Urotensin II induces migration of endothelial progenitor cells via activation of the RhoA/Rho kinase pathway.

Tohoku J Exp Med 2009 Dec;219(4):283-8

Department of Cardiology, Renmin Hospital of Wuhan University, Wuhan, P.R. China.

Urotensin II (UII) is a vasoactive peptide with many potent effects in the cardiorenovascular system and may be involved in the pathogenesis of atherosclerosis.

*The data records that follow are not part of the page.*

lemma left_connected_rule_interior_degrees:
  assumes r: "left_connected_rule \<Sigma> \<rho>"
    and u: "u \<in> hV (rL \<rho>)" "u \<notin> fst (rkL \<rho>) ` hV (rK \<rho>)"
  shows "in_degree (rL \<rho>) u \<noteq> 0 \<and> out_degree (rL \<rho>) u \<noteq> 0"
proof -
  have "is_coproduct \<Sigma> (rI \<rho>) (rO \<rho>) (rK \<rho>) (rjI \<rho>) (rjO \<rho>)"
    using r unfolding left_connected_rule_def by blast
  then have jI: "is_hom \<Sigma> (rI \<rho>) (rK \<rho>) (rjI \<rho>)" and jO: "is_hom \<Sigma> (rO \<rho>) (rK \<rho>) (rjO \<rho>)"
    unfolding is_coproduct_def by blast+
  have "in_nodes (rL \<rho>) = fst (rjI \<rho> ;; rkL \<rho>) ` hV (rI \<rho>)"
    "out_nodes (rL \<rho>) = fst (rjO \<rho> ;; rkL \<rho>) ` hV (rO \<rho>)"
    using r unfolding left_connected_rule_def ma_cospan_def by blast+
  then have "u \<notin> in_nodes (rL \<rho>)" "u \<notin> out_nodes (rL \<rho>)"
    using u(2) is_hom_node[OF jI] is_hom_node[OF jO] by (auto simp: comp_def)
  then show ?thesis using u(1) unfolding in_nodes_def out_nodes_def by simp
qed

lemma map_eq_map_lift:
  assumes "inj_on c C" "set xs \<subseteq> C" "\<And>v. v \<in> set ys \<Longrightarrow> h v \<in> C \<and> c (h v) = m v"
    and "map c xs = map m ys"
  shows "xs = map h ys"
proof -
  have "map c xs = map c (map h ys)" using assms(3,4) by simp
  moreover have "set (map h ys) \<subseteq> C" using assms(3) by auto
  ultimately show ?thesis using map_inj_on[OF _ inj_on_subset[OF assms(1)]] assms(2) by blast
qed

lemma factor_through_node_injective:
  assumes c: "is_hom \<Sigma> C S c" and c_inj: "inj_on (fst c) (hV C)"
    and m: "is_hom \<Sigma> L S m"
    and nodes: "fst m ` hV L \<subseteq> fst c ` hV C" and edges: "snd m ` hE L \<subseteq> snd c ` hE C"
  shows "\<exists>h. is_hom \<Sigma> L C h \<and> hom_eq L (h ;; c) m"
proof -
  define h where
    "h = (\<lambda>v. inv_into (hV C) (fst c) (fst m v), \<lambda>e. inv_into (hE C) (snd c) (snd m e))"
  have h_node: "fst h v \<in> hV C" "fst c (fst h v) = fst m v" if "v \<in> hV L" for v
  proof -
    have "fst m v \<in> fst c ` hV C" using nodes that by blast
    then show "fst h v \<in> hV C" "fst c (fst h v) = fst m v"
      unfolding h_def by (simp_all add: inv_into_into f_inv_into_f)
  qed
  have h_edge: "snd h e \<in> hE C" "snd c (snd h e) = snd m e" if "e \<in> hE L" for e
  proof -
    have "snd m e \<in> snd c ` hE C" using edges that by blast
    then show "snd h e \<in> hE C" "snd c (snd h e) = snd m e"
      unfolding h_def by (simp_all add: inv_into_into f_inv_into_f)
  qed
  have lift: "xs = map (fst h) ys"
    if "set xs \<subseteq> hV C" "set ys \<subseteq> hV L" "map (fst c) xs = map (fst m) ys" for xs ys
    using map_eq_map_lift[OF c_inj that(1) _ that(3)] that(2) h_node by blast
  have C: "hypergraph \<Sigma> C" and L: "hypergraph \<Sigma> L"
    using c m by (blast intro: is_hom_hypergraph_dom)+
  have "is_hom \<Sigma> L C h"
    unfolding is_hom_def
  proof (intro conjI ballI)
    fix e assume e: "e \<in> hE L"
    show "hs C (snd h e) = map (fst h) (hs L e)"
      using lift hypergraph_sources[OF C h_edge(1)[OF e]] hypergraph_sources[OF L e]
        is_hom_sources[OF c h_edge(1)[OF e]] is_hom_sources[OF m e] h_edge(2)[OF e] by metis
    show "ht C (snd h e) = map (fst h) (ht L e)"
      using lift hypergraph_targets[OF C h_edge(1)[OF e]] hypergraph_targets[OF L e]
        is_hom_targets[OF c h_edge(1)[OF e]] is_hom_targets[OF m e] h_edge(2)[OF e] by metis
    show "hl C (snd h e) = hl L e"
      using is_hom_label[OF c h_edge(1)[OF e]] is_hom_label[OF m e] h_edge(2)[OF e] by simp
  qed (use C L h_node h_edge in auto)
  moreover have "hom_eq L (h ;; c) m"
    unfolding hom_eq_def comp_def using h_node h_edge by simp
  ultimately show ?thesis by blast
qed

lemma match_node_in_complement:
  assumes po: "is_pushout \<Sigma> K L' C S f k m' c"
    and interior: "\<And>u. u \<in> hV L' \<Longrightarrow> u \<notin> fst f ` hV K \<Longrightarrow>
                     in_degree L' u \<noteq> 0 \<and> out_degree L' u \<noteq> 0"
    and m: "is_hom \<Sigma> L S m"
    and monogamous: "\<And>w. w \<in> hV S \<Longrightarrow> in_degree S w \<le> 1 \<and> out_degree S w \<le> 1"
    and disjoint: "\<And>e e'. e \<in> hE L \<Longrightarrow> e' \<in> hE L' \<Longrightarrow> snd m e \<noteq> snd m' e'"
    and v: "v \<in> hV L" and not_isolated: "in_degree L v \<noteq> 0 \<or> out_degree L v \<noteq> 0"
  shows "fst m v \<in> fst c ` hV C"
proof (rule ccontr)
  assume outside: "fst m v \<notin> fst c ` hV C"
  have m': "is_hom \<Sigma> L' S m'" and k: "is_hom \<Sigma> K C k" and comm: "hom_eq K (f ;; m') (k ;; c)"
    using po unfolding is_pushout_def by blast+
  have L: "hypergraph \<Sigma> L" and L': "hypergraph \<Sigma> L'" and S: "hypergraph \<Sigma> S"
    using m m' by (blast intro: is_hom_hypergraph_dom is_hom_hypergraph_cod)+
  have w: "fst m v \<in> hV S" by (rule is_hom_node[OF m v])
  then obtain u where u: "u \<in> hV L'" "fst m v = fst m' u"
    using pushout_jointly_surjective(2)[OF po] outside by blast
  have "u \<notin> fst f ` hV K"
  proof
    assume "u \<in> fst f ` hV K"
    then obtain x where "x \<in> hV K" "u = fst f x" by blast
    then have "fst m v = fst c (fst k x)" "fst k x \<in> hV C"
      using u(2) comm is_hom_node[OF k] unfolding hom_eq_def comp_def by auto
    with outside show False by blast
  qed
  then obtain e2 e3 where e2: "e2 \<in> hE L'" "u \<in> set (ht L' e2)"
    and e3: "e3 \<in> hE L'" "u \<in> set (hs L' e3)"
    using interior[OF u(1)] unfolding in_degree_eq_0_iff[OF L'] out_degree_eq_0_iff[OF L'] by blast
  from not_isolated show False
  proof
    assume "in_degree L v \<noteq> 0"
    then obtain e1 where e1: "e1 \<in> hE L" "v \<in> set (ht L e1)"
      unfolding in_degree_eq_0_iff[OF L] by blast
    have "2 \<le> in_degree S (fst m v)"
      using two_le_in_degree[OF S is_hom_edge[OF m e1(1)] is_hom_edge[OF m' e2(1)]
          disjoint[OF e1(1) e2(1)]]
        e1 e2 u(2) is_hom_targets[OF m e1(1)] is_hom_targets[OF m' e2(1)] by force
    with monogamous[OF w] show False by simp
  next
    assume "out_degree L v \<noteq> 0"
    then obtain e1 where e1: "e1 \<in> hE L" "v \<in> set (hs L e1)"
      unfolding out_degree_eq_0_iff[OF L] by blast
    have "2 \<le> out_degree S (fst m v)"
      using two_le_out_degree[OF S is_hom_edge[OF m e1(1)] is_hom_edge[OF m' e3(1)]
          disjoint[OF e1(1) e3(1)]]
        e1 e3 u(2) is_hom_sources[OF m e1(1)] is_hom_sources[OF m' e3(1)] by force
    with monogamous[OF w] show False by simp
  qed
qed

lemma match_factors_through_complement:
  assumes po: "is_pushout \<Sigma> K L' C S f k m' c"
    and K: "hE K = {}" and f: "inj_on (fst f) (hV K)"
    and interior: "\<And>u. u \<in> hV L' \<Longrightarrow> u \<notin> fst f ` hV K \<Longrightarrow>
                     in_degree L' u \<noteq> 0 \<and> out_degree L' u \<noteq> 0"
    and m: "is_hom \<Sigma> L S m"
    and no_isolated: "\<And>v. v \<in> hV L \<Longrightarrow> in_degree L v \<noteq> 0 \<or> out_degree L v \<noteq> 0"
    and monogamous: "\<And>w. w \<in> hV S \<Longrightarrow> in_degree S w \<le> 1 \<and> out_degree S w \<le> 1"
    and disjoint: "\<And>e e'. e \<in> hE L \<Longrightarrow> e' \<in> hE L' \<Longrightarrow> snd m e \<noteq> snd m' e'"
  shows "\<exists>h. is_hom \<Sigma> L C h \<and> hom_eq L (h ;; c) m"
proof (rule factor_through_node_injective)
  show "is_hom \<Sigma> C S c" using po unfolding is_pushout_def by blast
  show "inj_on (fst c) (hV C)" by (rule pushout_discrete_mono_inj_on_nodes[OF po K f])
  show "fst m ` hV L \<subseteq> fst c ` hV C"
    using match_node_in_complement[OF po interior m monogamous disjoint _ no_isolated] by blast
  show "snd m ` hE L \<subseteq> snd c ` hE C"
    using pushout_jointly_surjective(1)[OF po] is_hom_edge[OF m] disjoint by blast
qed (fact m)

lemma left_connected_rule_match_factors:
  assumes r: "left_connected_rule \<Sigma> \<rho>"
    and po: "is_pushout \<Sigma> (rK \<rho>) (rL \<rho>) C S (rkL \<rho>) k m' c"
    and ma: "is_ma S"
    and r': "left_connected_rule \<Sigma> \<rho>'" and m: "is_hom \<Sigma> (rL \<rho>') S m"
    and disjoint: "\<And>e e'. e \<in> hE (rL \<rho>') \<Longrightarrow> e' \<in> hE (rL \<rho>) \<Longrightarrow> snd m e \<noteq> snd m' e'"
  shows "\<exists>h. is_hom \<Sigma> (rL \<rho>') C h \<and> hom_eq (rL \<rho>') (h ;; c) m"
proof (rule match_factors_through_complement[OF po _ _ _ m _ _ disjoint])
  show "hE (rK \<rho>) = {}" by (rule left_connected_rule_interface_discrete[OF r])
  show "inj_on (fst (rkL \<rho>)) (hV (rK \<rho>))" by (rule left_connected_rule_interface_inj[OF r])
  show "in_degree (rL \<rho>) u \<noteq> 0 \<and> out_degree (rL \<rho>) u \<noteq> 0"
    if "u \<in> hV (rL \<rho>)" "u \<notin> fst (rkL \<rho>) ` hV (rK \<rho>)" for u
    by (rule left_connected_rule_interior_degrees[OF r that])
  show "in_degree (rL \<rho>') v \<noteq> 0 \<or> out_degree (rL \<rho>') v \<noteq> 0" if "v \<in> hV (rL \<rho>')" for v
    using strongly_connected_no_isolated_nodes[OF is_hom_hypergraph_dom[OF m] _ that] r'
    unfolding left_connected_rule_def by blast
  show "in_degree S w \<le> 1 \<and> out_degree S w \<le> 1" if "w \<in> hV S" for w
    using ma that unfolding is_ma_def by blast
qed
(* Let $n,r\ge1$, let $D=\{(\mathbf s_1,\mathbf t_1),\dots,(\mathbf s_r,\mathbf t_r)\}\subset\mathbb F_2^n\times\mathbb F_2^n$, fix $i\in\{1,\dots,n\}$, and let $f_i$, $p$, $I=\langle p\rangle$, $W_S$ and $$\Phi:\overline{\mathbb F}_2[\{c_S:S\subseteq[n]\}]\to\overline{\mathbb F}_2[\{b_H:H\subseteq[n]\}],\quad c_S\mapsto W_S,$$ be as follows: $f_i=\sum_{j=1}^r t_{j,i}\prod_{e=1}^n(1-(x_e-s_{j,e}))$, $p=\prod_{j=1}^r\bigl(1-\prod_{e=1}^n(1-(x_e-s_{j,e}))\bigr)$, and $W_S$ is the coefficient of $\prod_{l\in S}x_l$ in the reduction modulo $\langle x_e^2-x_e\rangle$ of $f_i+\bigl(\sum_{H\subseteq[n]}b_H\prod_{l\in H}x_l\bigr)p$. Let $\mathbb I(V^{ncf})=\bigcap_\sigma I_\sigma$ (intersection over all permutations $\sigma$ of $[n]$), where $$I_\sigma=\Bigl\langle c_{[n]}-1,\; c_S-c_{[r_S^\sigma]}\prod_{\sigma(k)\in[r_S^\sigma]\setminus S}c_{[n]\setminus\{\sigma(k)\}}\;:\;S\subsetneq[n]\Bigr\rangle\subseteq\overline{\mathbb F}_2[\{c_S:S\subseteq[n]\}].$$ Then the ideal of all nested canalyzing functions that fit the data set $D$ is $\mathbb I(V^{ncf})+\ker(\Phi)$; that is, the $\mathbb F_2$-rational points of $\mathbb V(\mathbb I(V^{ncf})+\ker\Phi)$, identified with Boolean polynomials via $(c_S)\leftrightarrow\sum_S c_S\prod_{l\in S}x_l$, are exactly the nested canalyzing functions $h$ on $n$ variables with $h(\mathbf s_j)=t_{j,i}$ for $j=1,\dots,r$.
   Context: Boolean functions $\mathbb F_2^n\to\mathbb F_2$ are identified with elements $\sum_{S\subseteq[n]}c_S\prod_{l\in S}x_l$ of $\mathbb F_2[x_1,\dots,x_n]/\langle x_e^2-x_e\rangle$ and with coefficient vectors $(c_S)\in\mathbb F_2^{2^n}$; $[n]=\{1,\dots,n\}$. A function "on $n$ variables" depends on each variable. A Boolean function $h$ on $n$ variables is nested canalyzing if there exist a permutation $\sigma$ of $[n]$ and $a_1,\dots,a_n,b_1,\dots,b_n\in\mathbb F_2$ such that $h(x)=b_k$ whenever $x_{\sigma(1)}\ne a_1,\dots,x_{\sigma(k-1)}\ne a_{k-1}$ and $x_{\sigma(k)}=a_k$ ($k=1,\dots,n$), and $h(x)=\overline{b_n}=1+b_n$ when $x_{\sigma(k)}\ne a_k$ for all $k$. For a permutation $\sigma$, the order $<_\sigma$ on $[n]$ is $\sigma(k)<_\sigma\sigma(l)\iff k<l$; for nonempty $S\subseteq[n]$, $r_S^\sigma$ denotes the index $m$ such that $\sigma(m)$ is the $<_\sigma$-largest element of $S$, and $[r_S^\sigma]=\{\sigma(1),\dots,\sigma(r_S^\sigma)\}$ (for $S=\emptyset$ the completion is empty). $V^{ncf}\subseteq\mathbb F_2^{2^n}$ denotes the set of coefficient vectors of all nested canalyzing functions, $V^{ncf}=\bigcup_\sigma V_\sigma^{ncf}$ with $V_\sigma^{ncf}$ the vectors with $c_{[n]}=1$ and $c_S=c_{[r_S^\sigma]}\prod_{\sigma(k)\in[r_S^\sigma]\setminus S}c_{[n]\setminus\{\sigma(k)\}}$; its ideal is $\bigcap_\sigma I_\sigma$. $\overline{\mathbb F}_2$ is the algebraic closure of $\mathbb F_2$. *)

theory Defs
  imports "HOL-Library.Poly_Mapping" "HOL-Library.Z2"
    "HOL-Algebra.Algebraic_Closure_Type" "HOL-Combinatorics.Permutations"
begin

Cardiovascular risk factors are often accompanied by reduced numbers of endothelial progenitor cells (EPCs) and their impaired migratory capacity. However, the role of UII in the migration of EPCs has not been reported so far. The aim of this study was to investigate whether UII influences the chemotactic function of bone marrow-derived EPCs and the possible signaling mechanisms involved. As a ligand for the orphan G-protein coupled receptor 14 (GPR14, UT receptor), UII exerts vasoactive functions through activation of the RhoA/Rho kinase pathway. We therefore analyzed the expression of GPR14 mRNA and protein, the activation of RhoA kinase and the phosphorylation of myosin light chain (MLC) in EPCs, isolated from the rat bone marrow. EPCs of 1-4 passages expressed GPR14 mRNA and protein. Chemotaxis assays were performed using Transwell cell-culture chambers with UII (10(-10)-10(-6) M), showing that UII induced chemotaxis of EPCs in a concentration-dependent manner after 3-h treatment (all p < 0.05), with the highest value (about 3-fold increase) at 10(-8) M. UII caused rapid activation of RhoA and increased phosphorylation of MLC. Conversely, a Rho-kinase inhibitor Y-27632 prevented the UII-induced migration and the phosphorylation of MLC. In conclusion, GPR14/UT receptor is expressed in EPCs, and UII induces migration of EPCs via activation of the RhoA/Rho kinase pathway. These findings provide new insights into the actions of UII in atherosclerosis.